Nous sommes en route vers Tchernobyl. Ce photoreportage est le fruit de notre voyage de deux jours dans la zone morte au printemps 2018.

Je ne peux pas publier les photos des gens de mon groupe parce que certains sont encore sur la liste noire des autorités. Persona non grata est un titre que la société nous accorde pour déranger leur assoupissement inculte. Pour nous, c’est une sorte d’honneur d’être en liste noire.

 

Vue de l’extérieur, notre voiture ressemble à un corbillard du milieu du 20ème siècle. Quand quelqu’un voit cette voiture dans ces terres désolées, il pense que soit nous visitons des parents dans le cimetière ou bien que nous conduisons un service funéraire. La mort est quelque chose que les gens ont tendance à ignorer à côté de Tchernobyl, cette région est une procession funéraire sans fin et les gens ont tourné le dos il y a des années.

 

À l’intérieur, notre voiture est décorée de fleurs. Nemo en latin veut dire "personne". Voici une vidéo de ma fille lors d’un voyage à Tchernobyl.

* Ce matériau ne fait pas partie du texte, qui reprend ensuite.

(* Let $\mathcal{L}$ be a $C^2$ function, positively scale-invariant in $\boldsymbol{W}$, bounded below with $\mathcal{L}^*=\inf\mathcal{L}$, satisfying the normalized smoothness assumption (A$_V$) with constants $L^{\boldsymbol{v}\boldsymbol{v}}_{ij},L^{\boldsymbol{v}\boldsymbol{g}}_i,L^{\boldsymbol{g}\boldsymbol{g}}$. Let $(\boldsymbol{W}_t,\boldsymbol{g}_t)$ be the iterates of PSI-GD with step sizes $\eta_i=1/\tilde{L}_{\boldsymbol{v}^{(i)}}$ and $\eta_{\boldsymbol{g}}=1/\tilde{L}_{\boldsymbol{g}}$, and $\boldsymbol{V}_t$ the normalization of $\boldsymbol{W}_t$. Then for every $T\ge1$, $$\min_{0\le t<T}\big\|\nabla_{\boldsymbol{V},\boldsymbol{g}}\mathcal{L}(\boldsymbol{V}_t,\boldsymbol{g}_t)\big\|^2\le\frac{2\tilde{L}\,(\mathcal{L}(\boldsymbol{W}_0,\boldsymbol{g}_0)-\mathcal{L}^* )}{T},$$ where $\tilde{L}=\max\{\tilde{L}_{\boldsymbol{v}^{(1)}},\dots,\tilde{L}_{\boldsymbol{v}^{(m)}},\tilde{L}_{\boldsymbol{g}}\}$.
   Context: Parameters $(\boldsymbol{W},\boldsymbol{g})$, $\boldsymbol{W}=(\boldsymbol{w}^{(1)},\dots,\boldsymbol{w}^{(m)})$, $\boldsymbol{w}^{(i)}\in\mathbb{R}^{d_i}\setminus\{0\}$, $\boldsymbol{g}\in\mathbb{R}^p$; $\mathcal{L}$ is PSI in $\boldsymbol{W}$: $\mathcal{L}((a_1\boldsymbol{w}^{(1)},\dots,a_m\boldsymbol{w}^{(m)}),\boldsymbol{g})=\mathcal{L}(\boldsymbol{W},\boldsymbol{g})$ for all $a_i>0$. The normalization of $\boldsymbol{W}$ is $\boldsymbol{V}=(\boldsymbol{w}^{(1)}/\|\boldsymbol{w}^{(1)}\|,\dots,\boldsymbol{w}^{(m)}/\|\boldsymbol{w}^{(m)}\|)$; $\nabla_{\boldsymbol{V},\boldsymbol{g}}\mathcal{L}(\boldsymbol{V},\boldsymbol{g})$ denotes the full gradient of $\mathcal{L}$ (as a function of $(\boldsymbol{W},\boldsymbol{g})$) evaluated at the point $(\boldsymbol{V},\boldsymbol{g})$, and Hessian blocks $\nabla^2_{\boldsymbol{v}^{(i)}\boldsymbol{v}^{(j)}}\mathcal{L}$ etc. are the corresponding blocks of the Hessian of $\mathcal{L}$ evaluated at $(\boldsymbol{V},\boldsymbol{g})$. Assumption (A$_V$): for all $(\boldsymbol{V},\boldsymbol{g})$ with every block of $\boldsymbol{V}$ a unit vector, $\|\nabla^2_{\boldsymbol{v}^{(i)}\boldsymbol{v}^{(j)}}\mathcal{L}(\boldsymbol{V},\boldsymbol{g})\|_2\le L^{\boldsymbol{v}\boldsymbol{v}}_{ij}$, $\|\nabla^2_{\boldsymbol{v}^{(i)}\boldsymbol{g}}\mathcal{L}(\boldsymbol{V},\boldsymbol{g})\|_2\le L^{\boldsymbol{v}\boldsymbol{g}}_{i}$, $\|\nabla^2_{\boldsymbol{g}\boldsymbol{g}}\mathcal{L}(\boldsymbol{V},\boldsymbol{g})\|_2\le L^{\boldsymbol{g}\boldsymbol{g}}$ (spectral norms). Set $\tilde{L}_{\boldsymbol{v}^{(i)}}=L^{\boldsymbol{v}\boldsymbol{g}}_i+\sum_{j=1}^mL^{\boldsymbol{v}\boldsymbol{v}}_{ij}$ and $\tilde{L}_{\boldsymbol{g}}=mL^{\boldsymbol{g}\boldsymbol{g}}+\sum_{i=1}^mL^{\boldsymbol{v}\boldsymbol{g}}_i$ (assumed positive). PSI-GD: $\boldsymbol{w}^{(i)}_{t+1}=\boldsymbol{w}^{(i)}_t-\eta_i\|\boldsymbol{w}^{(i)}_t\|^2\nabla_{\boldsymbol{w}^{(i)}}\mathcal{L}(\boldsymbol{W}_t,\boldsymbol{g}_t)$ for each $i$, and $\boldsymbol{g}_{t+1}=\boldsymbol{g}_t-\eta_{\boldsymbol{g}}\nabla_{\boldsymbol{g}}\mathcal{L}(\boldsymbol{W}_t,\boldsymbol{g}_t)$. *)

theory Defs
  imports "HOL-Analysis.Analysis"
begin
lemma F_inv_off_diagonal:
  assumes "snd y \<noteq> 0"
  shows "fst (F_inv y) \<noteq> snd (F_inv y)"
proof
  assume "fst (F_inv y) = snd (F_inv y)"
  then have "rho_inv (F_inv y) = 0"
    by (simp add: rho_inv_def heis_rho_eq_0_iff)
  with assms show False
    using F_coord_F_inv(1)[OF assms] F_inv_B_eq_0_iff by simp
qed

lemma higher_differentiable_on_F_inv_B [higher_differentiable_intros]:
  "open S \<Longrightarrow> higher_differentiable_on S F_inv_B n"
  unfolding F_inv_B_def[abs_def] F_inv_eta_def by (intro higher_differentiable_intros)

lemma higher_differentiable_on_F_inv:
  "higher_differentiable_on {(q, \<xi>). \<xi> \<noteq> 0} F_inv n"
  unfolding F_inv_def[abs_def] F_inv_z_def F_inv_eta_def
  by (intro higher_differentiable_intros open_nonzero_fibres)
    (auto simp: F_inv_B_eq_0_iff case_prod_beta)

section \<open>The pullback of the canonical symplectic form\<close>

definition dq_logrho_deriv :: "heis \<times> heis \<Rightarrow> heis \<times> heis \<Rightarrow> heis \<Rightarrow> complex" where
  "dq_logrho_deriv x h c =
     rho_inv x * (rho_dpdq (fst h) c + rho_dqdq (snd h) c)
     - rho_inv x * (rho_dp (fst x) (snd x) (fst h) + rho_dq (fst x) (snd x) (snd h)) * rho_inv x
       * rho_dq (fst x) (snd x) c"

lemma has_derivative_d_q_logrho:
  assumes "fst x \<noteq> snd x"
  shows "((\<lambda>y. d_q logrho y c) has_derivative (\<lambda>h. dq_logrho_deriv x h c)) (at x)"
proof (rule has_derivative_transform_within_open[OF _ open_off_diagonal])
  have "heis_rho (fst x) (snd x) \<noteq> 0"
    using assms by (simp add: heis_rho_eq_0_iff)
  then show "((\<lambda>y. rho_inv y * rho_dq (fst y) (snd y) c) has_derivative
      (\<lambda>h. dq_logrho_deriv x h c)) (at x)"
    unfolding rho_inv_def dq_logrho_deriv_def
    by (auto intro!: derivative_eq_intros has_derivative_heis_rho has_derivative_rho_dq)
  show "x \<in> {(p, q). p \<noteq> q}" using assms by auto
  show "rho_inv y * rho_dq (fst y) (snd y) c = d_q logrho y c" if "y \<in> {(p, q). p \<noteq> q}" for y
    using that by (cases y) (simp add: d_q_logrho)
qed

lemma d_p_d_q_logrho:
  assumes "p \<noteq> q"
  shows "d_p (\<lambda>x. d_q logrho x c) (p, q) a = dq_logrho_deriv (p, q) (a, 0) c"
proof -
  have "((\<lambda>p'. (p', q)) has_derivative (\<lambda>a. (a, 0))) (at p)"
    by (auto intro!: derivative_eq_intros)
  from has_derivative_compose[OF this has_derivative_d_q_logrho] assms
  have "((\<lambda>p'. d_q logrho (p', q) c) has_derivative (\<lambda>a. dq_logrho_deriv (p, q) (a, 0) c)) (at p)"
    by simp
  then show ?thesis
    unfolding d_p_def by (simp add: frechet_derivative_at[symmetric])
qed
lemma split_block_absorb_singletons:
  assumes Q: "partition_on A Q" and "A \<inter> R = {}" and "R \<noteq> {}"
  shows "split_block R (absorb_singletons R Q) = Q"
proof -
  define S where "S = \<Union>{b\<in>Q. card b = 1}"
  have "S \<subseteq> A"
    using partition_onD1[OF Q] by (auto simp: S_def)
  have "split_block R (absorb_singletons R Q)
      = (absorb_singletons R Q - {R \<union> S}) \<union> (\<lambda>x. {x}) ` (R \<union> S - R)"
    by (rule split_block_eq[OF partition_on_absorb_singletons[OF assms]])
      (use \<open>R \<noteq> {}\<close> in \<open>auto simp: absorb_singletons_def S_def\<close>)
  also have "absorb_singletons R Q - {R \<union> S} = {b\<in>Q. card b \<noteq> 1}"
    using partition_onD1[OF Q] \<open>A \<inter> R = {}\<close> \<open>R \<noteq> {}\<close>
    by (auto simp: absorb_singletons_def S_def)
  also have "R \<union> S - R = S"
    using \<open>S \<subseteq> A\<close> \<open>A \<inter> R = {}\<close> by blast
  also have "(\<lambda>x. {x}) ` S = {b\<in>Q. card b = 1}"
    unfolding S_def by (rule card_1_blocks_eq_singletons[symmetric])
  finally show ?thesis by blast
qed

lemma absorb_singletons_split_block:
  assumes P: "partition_on U P" and "K \<in> P" and "R \<subseteq> K" and "R \<noteq> {}"
    and no_singletons: "\<forall>b\<in>P. card b \<noteq> 1"
  shows "absorb_singletons R (split_block R P) = P"
proof -
  let ?P' = "(P - {K}) \<union> (\<lambda>x. {x}) ` (K - R)"
  have "{b\<in>?P'. card b = 1} = (\<lambda>x. {x}) ` (K - R)"
    using no_singletons by auto
  moreover have "{b\<in>?P'. card b \<noteq> 1} = P - {K}"
    using no_singletons by auto
  ultimately have "absorb_singletons R ?P' = insert (R \<union> (K - R)) (P - {K})"
    by (simp add: absorb_singletons_def)
  also have "\<dots> = P"
    using \<open>K \<in> P\<close> \<open>R \<subseteq> K\<close> by (simp add: Un_absorb1 insert_absorb)
  finally show ?thesis
    using split_block_eq[OF assms(1-4)] by simp
qed

lemma card_partitions_with_block_containing:
  assumes "A \<inter> R = {}" and "2 \<le> card R"
  shows "card {P. partition_on (A \<union> R) P \<and> (\<forall>b\<in>P. card b \<noteq> 1) \<and> (\<exists>K\<in>P. R \<subseteq> K)}
    = card {Q. partition_on A Q}"
    (is "card ?T = card ?Q")
proof -
  have "R \<noteq> {}"
    using assms(2) by auto
  have "bij_betw (absorb_singletons R) ?Q ?T"
  proof (rule bij_betw_byWitness[where f' = "split_block R"])
    show "\<forall>Q\<in>?Q. split_block R (absorb_singletons R Q) = Q"
      using split_block_absorb_singletons[OF _ assms(1) \<open>R \<noteq> {}\<close>] by simp
    show "absorb_singletons R ` ?Q \<subseteq> ?T"
      using partition_on_absorb_singletons[OF _ assms(1) \<open>R \<noteq> {}\<close>]
        absorb_singletons_no_singletons[OF assms(2)]
      by (auto simp: absorb_singletons_def)
    have "absorb_singletons R (split_block R P) = P \<and> split_block R P \<in> ?Q" if "P \<in> ?T" for P
    proof -
      from that obtain K where P: "partition_on (A \<union> R) P" "\<forall>b\<in>P. card b \<noteq> 1"
        and K: "K \<in> P" "R \<subseteq> K"
        by blast
      show ?thesis
        using absorb_singletons_split_block[OF P(1) K \<open>R \<noteq> {}\<close> P(2)]
          partition_on_split_block[OF P(1) K assms(1) \<open>R \<noteq> {}\<close>] by simp
    qed
    then show "\<forall>P\<in>?T. absorb_singletons R (split_block R P) = P" "split_block R ` ?T \<subseteq> ?Q"
      by auto
  qed
  then show ?thesis
    by (simp add: bij_betw_same_card)
qed
(* For a ring $R$, the following conditions are equivalent: (1) $R$ is strongly $n$-torsion clean for some $n\in\mathbb{N}$; (2) $R$ is strongly clean and the unit group $U(R)$ has finite exponent.
   Context: All rings are associative with identity. A ring is strongly clean if every element is a sum $e+u$ of an idempotent $e$ and a unit $u$ with $eu=ue$. A ring $R$ is strongly $n$-torsion clean if every $r\in R$ can be written $r=e+u$ with $e^2=e$, $u\in U(R)$, $u^n=1$ and $eu=ue$, and $n$ is the smallest natural number with this property. *)

theory Defs
  imports Main
begin

text \<open>Rings are modelled by the type class ring_1 (associative, with identity,
not necessarily commutative). Units are two-sided invertible elements.\<close>

definition ring_unit :: "'a::ring_1 \<Rightarrow> bool" where
  "ring_unit u \<longleftrightarrow> (\<exists>v. u * v = 1 \<and> v * u = 1)"

definition strongly_clean :: "'a::ring_1 itself \<Rightarrow> bool" where
  "strongly_clean _ \<longleftrightarrow>
     (\<forall>r::'a. \<exists>e u. r = e + u \<and> e * e = e \<and> ring_unit u \<and> e * u = u * e)"

definition n_torsion_clean_decomp :: "'a::ring_1 itself \<Rightarrow> nat \<Rightarrow> bool" where
  "n_torsion_clean_decomp _ n \<longleftrightarrow>
     (\<forall>r::'a. \<exists>e u. r = e + u \<and> e * e = e \<and> ring_unit u \<and> u ^ n = 1 \<and> e * u = u * e)"

definition strongly_n_torsion_clean :: "'a::ring_1 itself \<Rightarrow> nat \<Rightarrow> bool" where
  "strongly_n_torsion_clean R n \<longleftrightarrow>
     n \<ge> 1 \<and> n_torsion_clean_decomp R n \<and>
     (\<forall>m. 1 \<le> m \<and> m < n \<longrightarrow> \<not> n_torsion_clean_decomp R m)"

definition units_finite_exponent :: "'a::ring_1 itself \<Rightarrow> bool" where
  "units_finite_exponent _ \<longleftrightarrow> (\<exists>m::nat. m \<ge> 1 \<and> (\<forall>u::'a. ring_unit u \<longrightarrow> u ^ m = 1))"

end

theory Submission
  imports Defs "HOL-Library.FuncSet"
begin

text \<open>Applied to \<open>r = 3 = e + v\<close>, a decomposition with \<open>v ^ n = 1\<close> gives \<open>e 2 ^ n = e\<close> and
  \<open>(1 - e) 3 ^ n = 1 - e\<close>, so \<open>(2 ^ n - 1) (3 ^ n - 1) = 0\<close> and the characteristic \<open>c\<close> is
  positive. For a unit \<open>u = e + v\<close>, the corner \<open>(1 - e) u = (1 - e) v\<close> has order dividing \<open>n\<close>,
  while \<open>e u = e (1 + s)\<close> with \<open>s = e v\<close> and \<open>s ^ Suc n = s\<close>; so the powers of \<open>e u\<close> are
  combinations of \<open>1, s, \<dots>, s ^ n\<close> with coefficients mod \<open>c\<close>, and \<open>e u\<close> has order at most
  \<open>c ^ Suc n\<close>. Conversely, if all units satisfy \<open>u ^ m = 1\<close>, a strongly clean ring is
  \<open>m\<close>-torsion clean, and the least such exponent is the one asked for.\<close>

lemma power_idem_mult:
  fixes f x :: "'a::ring_1"
  assumes idem: "f * f = f" and comm: "f * x = x * f" and "0 < n"
  shows "(f * x) ^ n = f * x ^ n"
  using \<open>0 < n\<close>
proof (induction n rule: nat_induct_non_zero)
  case 1
  then show ?case by simp
next
  case (Suc n)
  have "x ^ n * f = f * x ^ n"
    using power_commuting_commutes comm by metis
  then have "f * x ^ n * (f * x) = f * f * x ^ n * x"
    by (metis mult.assoc)
  then show ?case
    by (simp only: power_Suc2 Suc.IH idem mult.assoc)
qed

lemma idem_mult_power_cong:
  fixes f x y :: "'a::ring_1"
  assumes "f * f = f" "f * x = x * f" "f * y = y * f" "f * x = f * y"
  shows "f * x ^ n = f * y ^ n"
proof (cases "n = 0")
  case False
  then show ?thesis
    using power_idem_mult[of f x n] power_idem_mult[of f y n] assms by simp
qed simp

lemma clean_decomp_corners:
  fixes r e v :: "'a::ring_1"
  assumes "r = e + v" "e * e = e" "e * v = v * e" "v ^ n = 1"
  shows "e * (r - 1) ^ n = e" and "(1 - e) * r ^ n = 1 - e"
proof -
  have "e * (r - 1) ^ n = e * v ^ n"
    by (rule idem_mult_power_cong) (use assms in \<open>simp_all add: algebra_simps\<close>)
  then show "e * (r - 1) ^ n = e"
    using assms(4) by simp
  have "(1 - e) * r ^ n = (1 - e) * v ^ n"
    by (rule idem_mult_power_cong) (use assms in \<open>simp_all add: algebra_simps\<close>)
  then show "(1 - e) * r ^ n = 1 - e"
    using assms(4) by simp
qed

text \<open>Both factors are polynomials in \<open>r\<close>, hence commute with each other and with \<open>e\<close>;
  the first is killed by \<open>e\<close>, the second by \<open>1 - e\<close>.\<close>

lemma clean_decomp_annihilator:
  fixes r e v :: "'a::ring_1"
  assumes "r = e + v" "e * e = e" "e * v = v * e" "v ^ n = 1"
  shows "((r - 1) ^ n - 1) * (r ^ n - 1) = 0"
proof -
  define A where "A = (r - 1) ^ n - 1"
  define B where "B = r ^ n - 1"
  have eA: "e * A = 0" and eB: "(1 - e) * B = 0"
    using clean_decomp_corners[OF assms] by (simp_all add: A_def B_def algebra_simps)
  have "(r - 1) * e = e * (r - 1)" and "r * e = e * r"
    using assms by (simp_all add: algebra_simps)
  then have "(r - 1) ^ n * e = e * (r - 1) ^ n" and "r ^ n * e = e * r ^ n"
    by (simp_all only: power_commuting_commutes)
  then have Ae: "A * e = e * A" and Be: "B * (1 - e) = (1 - e) * B"
    by (simp_all add: A_def B_def algebra_simps)
  have "r * (r - 1) = (r - 1) * r"
    by (simp add: algebra_simps)
  then have "(r - 1) * r ^ n = r ^ n * (r - 1)"
    by (metis power_commuting_commutes)
  then have "(r - 1) ^ n * r ^ n = r ^ n * (r - 1) ^ n"
    by (rule power_commuting_commutes)
  then have AB: "A * B = B * A"
    by (simp add: A_def B_def algebra_simps)
  have "A * B = A * B * e + A * B * (1 - e)"
    by (simp add: algebra_simps)
  also have "\<dots> = B * (A * e) + A * (B * (1 - e))"
    by (metis AB mult.assoc)
  also have "\<dots> = 0"
    by (simp add: Ae Be eA eB)
  finally show ?thesis
    by (simp add: A_def B_def)
qed

lemma torsion_clean_of_nat_eq_zero:
  assumes "n_torsion_clean_decomp TYPE('a::ring_1) n"
  shows "(of_nat ((2 ^ n - 1) * (3 ^ n - 1)) :: 'a) = 0"
proof -
  obtain e v :: 'a where "3 = e + v" "e * e = e" "e * v = v * e" "v ^ n = 1"
    using assms unfolding n_torsion_clean_decomp_def by blast
  then have "((3 - 1) ^ n - 1) * (3 ^ n - 1) = (0 :: 'a)"
    by (rule clean_decomp_annihilator)
  then show ?thesis
    by (simp add: of_nat_diff)
qed

definition nat_poly_values :: "'a::ring_1 \<Rightarrow> nat \<Rightarrow> 'a set" where
  "nat_poly_values s N = range (\<lambda>f. \<Sum>i\<le>N. of_nat (f i) * s ^ i)"

lemma nat_poly_valuesI: "(\<Sum>i\<le>N. of_nat (f i) * s ^ i) \<in> nat_poly_values s N"
  unfolding nat_poly_values_def by (rule rangeI)

lemma nat_poly_values_add:
  assumes "x \<in> nat_poly_values s N" "y \<in> nat_poly_values s N"
  shows "x + y \<in> nat_poly_values s N"
proof -
  obtain f g where "x = (\<Sum>i\<le>N. of_nat (f i) * s ^ i)" "y = (\<Sum>i\<le>N. of_nat (g i) * s ^ i)"
    using assms unfolding nat_poly_values_def by blast
  then have sum_eq: "x + y = (\<Sum>i\<le>N. of_nat (f i + g i) * s ^ i)"
    by (simp add: sum.distrib distrib_right)
  show ?thesis
    unfolding sum_eq by (rule nat_poly_valuesI)
qed
lemma expected_step_excess_le:
  assumes k: "k < N"
  shows "integrable M (step_excess k)" and "(\<integral>\<omega>. step_excess k \<omega> \<partial>M) \<le> eps\<^sup>2 * trace (P ** G)"
proof -
  interpret prob_space M by (rule M)
  have "square_integrable M (\<lambda>\<omega>. (W k \<omega> - ws) $ j)" for j
    using square_integrable_diff[OF W_square_integrable square_integrable_const] k by simp
  then have Q: "integrable M (\<lambda>\<omega>. quad_form P (W k \<omega> - ws))"
    by (rule integrable_quad_form)
  have excess_eq: "step_excess k = (\<lambda>\<omega>. J (W k \<omega> - eps *\<^sub>R g1 k \<omega>) / 2 + J (W k \<omega> - eps *\<^sub>R g2 k \<omega>) / 2
      - J ws - rho * quad_form P (W k \<omega> - ws))"
    by (simp add: fun_eq_iff step_excess_def J_eq[of "W k _"])
  note step1 = expected_gradient_step[of g1 k] and step2 = expected_gradient_step[of g2 k]
  show "integrable M (step_excess k)"
    unfolding excess_eq using step1(1) step2(1) Q k by simp
  show "(\<integral>\<omega>. step_excess k \<omega> \<partial>M) \<le> eps\<^sup>2 * trace (P ** G)"
    unfolding excess_eq using step1 step2 Q k by (simp add: prob_space field_simps)
qed
lemma pow_arrows_m_diags:
  assumes N: "N = n * m + 2" and m: "m \<ge> 1" and D: "m_diag N m D" and D': "m_diag N m D'"
  shows "pow_arrows N m D D' = (if arrowA N m D D' then 1 else 0)"
proof (cases "arrowA N m D D'")
  case False
  have "sect_paths N m D D' = {}"
  proof (rule ccontr)
    assume "sect_paths N m D D' \<noteq> {}"
    then obtain p where p: "p \<in> sect_paths N m D D'" by blast
    obtain i j where "D = dg N i j" "D' = dg N i (j + int m)"
      by (rule sect_paths_endpoints[OF p m])
    then show False using False D D' unfolding arrowA_def by blast
  qed
  then show ?thesis using False unfolding pow_arrows_def by simp
next
  case True
  then obtain i j where DD: "D = dg N i j" and DD': "D' = dg N i (j + int m)"
    unfolding arrowA_def by blast
  have N0: "N > 0" using N by simp
  have len: "2 \<le> (j - i) mod int N"
    using D DD m_diag_dg_iff[OF N0] is_diag_dg_iff[OF N0] by blast
  have "0 < n" using D DD m_diag_dg_iff_length[OF N m] by auto
  then have "m \<le> n * m" by simp
  then have "m < N" using N by linarith
  have "is_diag N D'" using D' unfolding m_diag_def by blast
  then have diags: "is_diag N (dg N i (j + int l))" if "l \<le> m" for l
    using m_diag_rotation_is_diag[OF N m D[unfolded DD] _ that] DD' by simp
  have "N > 1" using N by simp
  then have P: "rotation_path N i j m \<in> sect_paths N m D D'"
    unfolding sect_paths_def using rotation_path_sectional diags DD DD' by simp
  have "dg N j (i + int m) \<noteq> dg N i (j + int m)"
    using dg_rotations_neq len m \<open>m < N\<close> by simp
  then have "rotation_path N j i m \<notin> sect_paths N m D D'"
    unfolding sect_paths_def DD' by auto
  then have "sect_paths N m D D' = {rotation_path N i j m}"
    using sect_paths_dg_subset[OF m, of N i j D'] P DD by auto
  then show ?thesis using True unfolding pow_arrows_def by simp
qed
(* Let $d$ be an odd integer, $d\ge 3$, and let $G=\langle\sigma,\tau\rangle$ be the dihedral group with $\tau$ of order $d$, $\sigma$ of order $2$ and $\sigma\tau=\tau^{-1}\sigma$. In $\mathbb{Z}[G]$ put $T_\sigma=1+\sigma$, $T_\tau=\sum_{i=0}^{d-1}\tau^i$, $\mathcal{B}=1-\sigma\tau$, and consider the left ideals (left $\mathbb{Z}[G]$-modules) $M_1=\mathbb{Z}[G]T_\sigma T_\tau$, $M_2=\mathbb{Z}[G]T_\sigma$, $M_3=\mathbb{Z}[G]\mathcal{B}$, $M_4=\mathbb{Z}[G]\mathcal{B}T_\tau$, with maps $d_1:M_1\to M_2$ the inclusion, $d_2:M_2\to M_3$, $x\mapsto x(1-\tau)$, $d_3:M_3\to M_4$, $x\mapsto xT_\tau$, and homotopies $h_1:M_2\to M_1$, $x\mapsto xT_\tau$, $h_2:M_3\to M_2$ given by $h_2(x\mathcal{B})=x\sum_{i=0}^{d-1}\big(\tfrac{d-1}{2}-i\big)\tau^iT_\sigma$ for $x\in\mathbb{Z}[G]$, and $h_3:M_4\to M_3$ the inclusion. Then $0\to M_1\xrightarrow{d_1}M_2\xrightarrow{d_2}M_3\xrightarrow{d_3}M_4\to0$ is exact, all of $d_1,d_2,d_3,h_1,h_2,h_3$ are well-defined $\mathbb{Z}[G]$-module homomorphisms, and the prism conditions hold: $h_1d_1=d\cdot\mathrm{id}_{M_1}$, $d_1h_1+h_2d_2=d\cdot\mathrm{id}_{M_2}$, $d_2h_2+h_3d_3=d\cdot\mathrm{id}_{M_3}$, $d_3h_3=d\cdot\mathrm{id}_{M_4}$. *)

theory Defs
  imports Main
begin

text \<open>The dihedral group of order 2d: the pair (s,k) stands for sigma^s tau^k
  (s = True meaning sigma^1), with k in {0..<d}.  Relation: tau^k sigma = sigma tau^(-k).\<close>

definition dih_carrier :: "nat \<Rightarrow> (bool \<times> nat) set" where
  "dih_carrier d = UNIV \<times> {..<d}"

Nous avons décidé de passer le premier jour de notre visite à Tchernobyl dans des décharges sauvages. Notre chauffeur à une dévotion maniaque pour ces endroits.

Ici, je me demande où sont les radiations.

Sur cette vidéo, je dis à mes amis, que les grenouilles brillantes de Tchernobyl se moquent de nous qui sommes arrivés à Chernie avec un compteur Geiger non-calibré. J’avais seulement remplacé le tube et j’attendais une intervention pour calibrer mon compteur Geiger – mais ils ont probablement oublié. Cela ne se remarque pas avec un taux peu élevé de radiations mais, quand le taux de radiation augmente, le compteur Geiger vit sa vie de son côté, sans se préoccuper de notre sécurité.

 

Cette photo montre comment un compteur Geiger peut être mis en échec à de forts taux de radiations. Mon "Inspector" affiche les radiations en Roentgens. Nous utilisons ce système de mesure à Chernobyl alors qu’à Fukushima, ils préfèrent les Sieverts. La lecture du compteur Geiger du dessous est 9.873 micro-sieverts par heure, ce qui est 110 plus que la normale, mais un "Inspector" non-calibré n’est capable d’indiquer que 0.296 micro-roentgens par heure, qui n'est que 29 fois plus que la normale. La différence, invisible, est plutôt dangereuse pour les tissus humains.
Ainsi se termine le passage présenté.